lemma card_short_period_classes_le_diff:
  assumes "1 \<le> m" "m \<le> n" "n \<le> 2 * m"
    "finite (factors_of_length w m)" "finite (factors_of_length w (m - 1))"
  shows "int (card {C \<in> lie_classes w n. has_short_period n C})
           \<le> int (factor_complexity w m) - int (factor_complexity w (m - 1)) + 1"
proof (rule card_shift_closed_family_le[OF assms(1,4,5), where X = "\<lambda>C. take m ` C"])
  fix C assume "C \<in> {C \<in> lie_classes w n. has_short_period n C}"
  then show "take m ` C \<subseteq> factors_of_length w m \<and> take m ` C \<noteq> {} \<and> shift_closed m (take m ` C)"
    using take_lie_class_shift_closed[OF _ assms(2)] by blast
next
  fix C D z assume C: "C \<in> {C \<in> lie_classes w n. has_short_period n C}"
    and D: "D \<in> {C \<in> lie_classes w n. has_short_period n C}"
    and "z \<in> take m ` C" "z \<in> take m ` D"
  then obtain x y where xy: "x \<in> C" "y \<in> D" "take m x = take m y" by blast
  obtain p where p: "0 < p" "4 * p \<le> n" "rotate p x = x"
    using C xy(1) short_period_mem_lie_class by blast
  obtain q where q: "0 < q" "4 * q \<le> n" "rotate q y = y"
    using D xy(2) short_period_mem_lie_class by blast
  have "length x = n" "length y = n"
    using xy(1,2) C D lie_class_subset by (fastforce simp: factors_of_length_def)+
  then have "x = y"
    using rotate_fixed_eq_if_take_eq[OF _ p(3) q(3) p(1) q(1) _ _ xy(3)] p(2) q(2) assms(2,3)
    by simp
  then show "C = D"
    using lie_class_eq_cyc_class C D xy by blast
qed

lemma card_short_period_classes_bound:
  assumes "1 \<le> k" "k \<le> n" "n \<le> 2 * k" "\<And>m. finite (factors_of_length w m)"
  shows "(n + 1 - k) * card {C \<in> lie_classes w n. has_short_period n C}
           \<le> factor_complexity w n + (n + 1 - k)"
proof -
  let ?s = "int (card {C \<in> lie_classes w n. has_short_period n C})"
  let ?p = "\<lambda>m. int (factor_complexity w m)"
  have "?s \<le> ?p (Suc i) - ?p i + 1" if "i \<in> {k - 1..<n}" for i
  proof -
    have "1 \<le> Suc i" "Suc i \<le> n" "n \<le> 2 * Suc i"
      using that assms(1,3) by auto
    then show ?thesis
      using card_short_period_classes_le_diff[of "Suc i" n w] assms(4) by simp
  qed
  then have "(\<Sum>i = k - 1..<n. ?s) \<le> (\<Sum>i = k - 1..<n. ?p (Suc i) - ?p i + 1)"
    by (rule sum_mono)
  also have "\<dots> = ?p n - ?p (k - 1) + int (n + 1 - k)"
    using assms(1,2) sum_Suc_diff'[of "k - 1" n ?p] by (simp add: sum.distrib)
  finally have "int (n + 1 - k) * ?s \<le> ?p n + int (n + 1 - k)"
    using assms(1,2) by simp
  then show ?thesis
    by (simp flip: of_nat_mult of_nat_add)
qed

lemma card_long_period_lie_class:
  assumes "C \<in> lie_classes w n" "\<not> has_short_period n C"
  shows "n < 4 * card C"
proof -
  obtain v where v: "length v = n" "C = cyc_class v"
    using assms(1) unfolding lie_classes_def by blast
  have "n div 4 + 1 \<le> card C"
    unfolding v(2)
  proof (rule card_cyc_class_ge)
    fix p assume "0 < p" "p < n div 4 + 1"
    moreover from this have "4 * p \<le> n"
      using less_eq_div_iff_mult_less_eq[of 4 p n] by simp
    ultimately show "rotate p v \<noteq> v"
      using assms(2) mem_cyc_class_self[of v] v(2) unfolding has_short_period_def by auto
  qed
  then show ?thesis by linarith
qed

lemma card_long_period_classes_bound:
  assumes "finite (factors_of_length w n)"
  shows "n * card {C \<in> lie_classes w n. \<not> has_short_period n C} \<le> 4 * factor_complexity w n"
proof -
  let ?B = "{C \<in> lie_classes w n. \<not> has_short_period n C}"
  have finite: "finite C" if "C \<in> ?B" for C
    using that finite_lie_class by blast
  have disjoint: "pairwise disjnt ?B"
    unfolding pairwise_def disjnt_def using lie_class_eq_cyc_class by blast
  have "n * card ?B = (\<Sum>C\<in>?B. n)"
    by simp
  also have "\<dots> \<le> (\<Sum>C\<in>?B. 4 * card C)"
  proof (rule sum_mono)
    fix C assume "C \<in> ?B"
    then show "n \<le> 4 * card C"
      using card_long_period_lie_class[of C w n] by simp
  qed
  also have "\<dots> = 4 * card (\<Union>?B)"
    using card_Union_disjoint[OF disjoint finite] by (simp add: sum_distrib_left)
  also have "card (\<Union>?B) \<le> factor_complexity w n"
    unfolding factor_complexity_eq_card using assms lie_class_subset by (intro card_mono) blast+
  finally show ?thesis by simp
qed

lemma linear_factor_complexity_bound:
  assumes "linear_factor_complexity w"
  obtains M :: nat where "\<And>n. 1 \<le> n \<Longrightarrow> factor_complexity w n \<le> M * n"
proof -
  obtain A B :: real where AB: "\<And>n. real (factor_complexity w n) \<le> A * real n + B"
    using assms unfolding linear_factor_complexity_def by blast
  define M where "M = nat \<lceil>\<bar>A\<bar> + \<bar>B\<bar>\<rceil>"
  have "factor_complexity w n \<le> M * n" if "1 \<le> n" for n
  proof -
    have "A * real n \<le> \<bar>A\<bar> * real n"
      by (rule mult_right_mono) simp_all
    moreover have "B \<le> \<bar>B\<bar> * real n"
      using that mult_left_mono[of 1 "real n" "\<bar>B\<bar>"] by simp
    moreover have "(\<bar>A\<bar> + \<bar>B\<bar>) * real n \<le> real M * real n"
      unfolding M_def by (rule mult_right_mono) linarith+
    ultimately have "real (factor_complexity w n) \<le> real (M * n)"
      using AB[of n] by (simp add: distrib_right)
    then show ?thesis
      by (simp only: of_nat_le_iff)
  qed
  then show thesis by (rule that)
qed

lemma lie_complexity_0: "lie_complexity w 0 \<le> 1"
proof -
  have "lie_classes w 0 \<subseteq> {cyc_class []}"
    unfolding lie_classes_def by auto
  then have "card (lie_classes w 0) \<le> card {cyc_class ([] :: 'a list)}"
    by (rule card_mono[rotated]) simp
  then show ?thesis
    unfolding lie_complexity_eq_card by simp
qed

lemma lie_complexity_eq_card_short_add_long:
  assumes "finite (factors_of_length w n)"
  shows "lie_complexity w n = card {C \<in> lie_classes w n. has_short_period n C}
                            + card {C \<in> lie_classes w n. \<not> has_short_period n C}"
proof -
  let ?S = "{C \<in> lie_classes w n. has_short_period n C}"
    and ?L = "{C \<in> lie_classes w n. \<not> has_short_period n C}"
  have "lie_classes w n = ?S \<union> ?L"
    by auto
  moreover have "card (?S \<union> ?L) = card ?S + card ?L"
    using finite_lie_classes[OF assms] by (intro card_Un_disjoint) auto
  ultimately show ?thesis
    unfolding lie_complexity_eq_card by simp
qed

================================

Directions for this task
Every line above should be reproduced precisely.

Your solution
lemma card_short_period_classes_le_diff:
  assumes "1 \<le> m" "m \<le> n" "n \<le> 2 * m"
    "finite (factors_of_length w m)" "finite (factors_of_length w (m - 1))"
  shows "int (card {C \<in> lie_classes w n. has_short_period n C})
           \<le> int (factor_complexity w m) - int (factor_complexity w (m - 1)) + 1"
proof (rule card_shift_closed_family_le[OF assms(1,4,5), where X = "\<lambda>C. take m ` C"])
  fix C assume "C \<in> {C \<in> lie_classes w n. has_short_period n C}"
  then show "take m ` C \<subseteq> factors_of_length w m \<and> take m ` C \<noteq> {} \<and> shift_closed m (take m ` C)"
    using take_lie_class_shift_closed[OF _ assms(2)] by blast
next
  fix C D z assume C: "C \<in> {C \<in> lie_classes w n. has_short_period n C}"
    and D: "D \<in> {C \<in> lie_classes w n. has_short_period n C}"
    and "z \<in> take m ` C" "z \<in> take m ` D"
  then obtain x y where xy: "x \<in> C" "y \<in> D" "take m x = take m y" by blast
  obtain p where p: "0 < p" "4 * p \<le> n" "rotate p x = x"
    using C xy(1) short_period_mem_lie_class by blast
  obtain q where q: "0 < q" "4 * q \<le> n" "rotate q y = y"
    using D xy(2) short_period_mem_lie_class by blast
  have "length x = n" "length y = n"
    using xy(1,2) C D lie_class_subset by (fastforce simp: factors_of_length_def)+
  then have "x = y"
    using rotate_fixed_eq_if_take_eq[OF _ p(3) q(3) p(1) q(1) _ _ xy(3)] p(2) q(2) assms(2,3)
    by simp
  then show "C = D"
    using lie_class_eq_cyc_class C D xy by blast
qed

lemma card_short_period_classes_bound:
  assumes "1 \<le> k" "k \<le> n" "n \<le> 2 * k" "\<And>m. finite (factors_of_length w m)"
  shows "(n + 1 - k) * card {C \<in> lie_classes w n. has_short_period n C}
           \<le> factor_complexity w n + (n + 1 - k)"
proof -
  let ?s = "int (card {C \<in> lie_classes w n. has_short_period n C})"
  let ?p = "\<lambda>m. int (factor_complexity w m)"
  have "?s \<le> ?p (Suc i) - ?p i + 1" if "i \<in> {k - 1..<n}" for i
  proof -
    have "1 \<le> Suc i" "Suc i \<le> n" "n \<le> 2 * Suc i"
      using that assms(1,3) by auto
    then show ?thesis
      using card_short_period_classes_le_diff[of "Suc i" n w] assms(4) by simp
  qed
  then have "(\<Sum>i = k - 1..<n. ?s) \<le> (\<Sum>i = k - 1..<n. ?p (Suc i) - ?p i + 1)"
    by (rule sum_mono)
  also have "\<dots> = ?p n - ?p (k - 1) + int (n + 1 - k)"
    using assms(1,2) sum_Suc_diff'[of "k - 1" n ?p] by (simp add: sum.distrib)
  finally have "int (n + 1 - k) * ?s \<le> ?p n + int (n + 1 - k)"
    using assms(1,2) by simp
  then show ?thesis
    by (simp flip: of_nat_mult of_nat_add)
qed

lemma card_long_period_lie_class:
  assumes "C \<in> lie_classes w n" "\<not> has_short_period n C"
  shows "n < 4 * card C"
proof -
  obtain v where v: "length v = n" "C = cyc_class v"
    using assms(1) unfolding lie_classes_def by blast
  have "n div 4 + 1 \<le> card C"
    unfolding v(2)
  proof (rule card_cyc_class_ge)
    fix p assume "0 < p" "p < n div 4 + 1"
    moreover from this have "4 * p \<le> n"
      using less_eq_div_iff_mult_less_eq[of 4 p n] by simp
    ultimately show "rotate p v \<noteq> v"
      using assms(2) mem_cyc_class_self[of v] v(2) unfolding has_short_period_def by auto
  qed
  then show ?thesis by linarith
qed

lemma card_long_period_classes_bound:
  assumes "finite (factors_of_length w n)"
  shows "n * card {C \<in> lie_classes w n. \<not> has_short_period n C} \<le> 4 * factor_complexity w n"
proof -
  let ?B = "{C \<in> lie_classes w n. \<not> has_short_period n C}"
  have finite: "finite C" if "C \<in> ?B" for C
    using that finite_lie_class by blast
  have disjoint: "pairwise disjnt ?B"
    unfolding pairwise_def disjnt_def using lie_class_eq_cyc_class by blast
  have "n * card ?B = (\<Sum>C\<in>?B. n)"
    by simp
  also have "\<dots> \<le> (\<Sum>C\<in>?B. 4 * card C)"
  proof (rule sum_mono)
    fix C assume "C \<in> ?B"
    then show "n \<le> 4 * card C"
      using card_long_period_lie_class[of C w n] by simp
  qed
  also have "\<dots> = 4 * card (\<Union>?B)"
    using card_Union_disjoint[OF disjoint finite] by (simp add: sum_distrib_left)
  also have "card (\<Union>?B) \<le> factor_complexity w n"
    unfolding factor_complexity_eq_card using assms lie_class_subset by (intro card_mono) blast+
  finally show ?thesis by simp
qed

lemma linear_factor_complexity_bound:
  assumes "linear_factor_complexity w"
  obtains M :: nat where "\<And>n. 1 \<le> n \<Longrightarrow> factor_complexity w n \<le> M * n"
proof -
  obtain A B :: real where AB: "\<And>n. real (factor_complexity w n) \<le> A * real n + B"
    using assms unfolding linear_factor_complexity_def by blast
  define M where "M = nat \<lceil>\<bar>A\<bar> + \<bar>B\<bar>\<rceil>"
  have "factor_complexity w n \<le> M * n" if "1 \<le> n" for n
  proof -
    have "A * real n \<le> \<bar>A\<bar> * real n"
      by (rule mult_right_mono) simp_all
    moreover have "B \<le> \<bar>B\<bar> * real n"
      using that mult_left_mono[of 1 "real n" "\<bar>B\<bar>"] by simp
    moreover have "(\<bar>A\<bar> + \<bar>B\<bar>) * real n \<le> real M * real n"
      unfolding M_def by (rule mult_right_mono) linarith+
    ultimately have "real (factor_complexity w n) \<le> real (M * n)"
      using AB[of n] by (simp add: distrib_right)
    then show ?thesis
      by (simp only: of_nat_le_iff)
  qed
  then show thesis by (rule that)
qed

lemma lie_complexity_0: "lie_complexity w 0 \<le> 1"
proof -
  have "lie_classes w 0 \<subseteq> {cyc_class []}"
    unfolding lie_classes_def by auto
  then have "card (lie_classes w 0) \<le> card {cyc_class ([] :: 'a list)}"
    by (rule card_mono[rotated]) simp
  then show ?thesis
    unfolding lie_complexity_eq_card by simp
qed

lemma lie_complexity_eq_card_short_add_long:
  assumes "finite (factors_of_length w n)"
  shows "lie_complexity w n = card {C \<in> lie_classes w n. has_short_period n C}
                            + card {C \<in> lie_classes w n. \<not> has_short_period n C}"
proof -
  let ?S = "{C \<in> lie_classes w n. has_short_period n C}"
    and ?L = "{C \<in> lie_classes w n. \<not> has_short_period n C}"
  have "lie_classes w n = ?S \<union> ?L"
    by auto
  moreover have "card (?S \<union> ?L) = card ?S + card ?L"
    using finite_lie_classes[OF assms] by (intro card_Un_disjoint) auto
  ultimately show ?thesis
    unfolding lie_complexity_eq_card by simp
qed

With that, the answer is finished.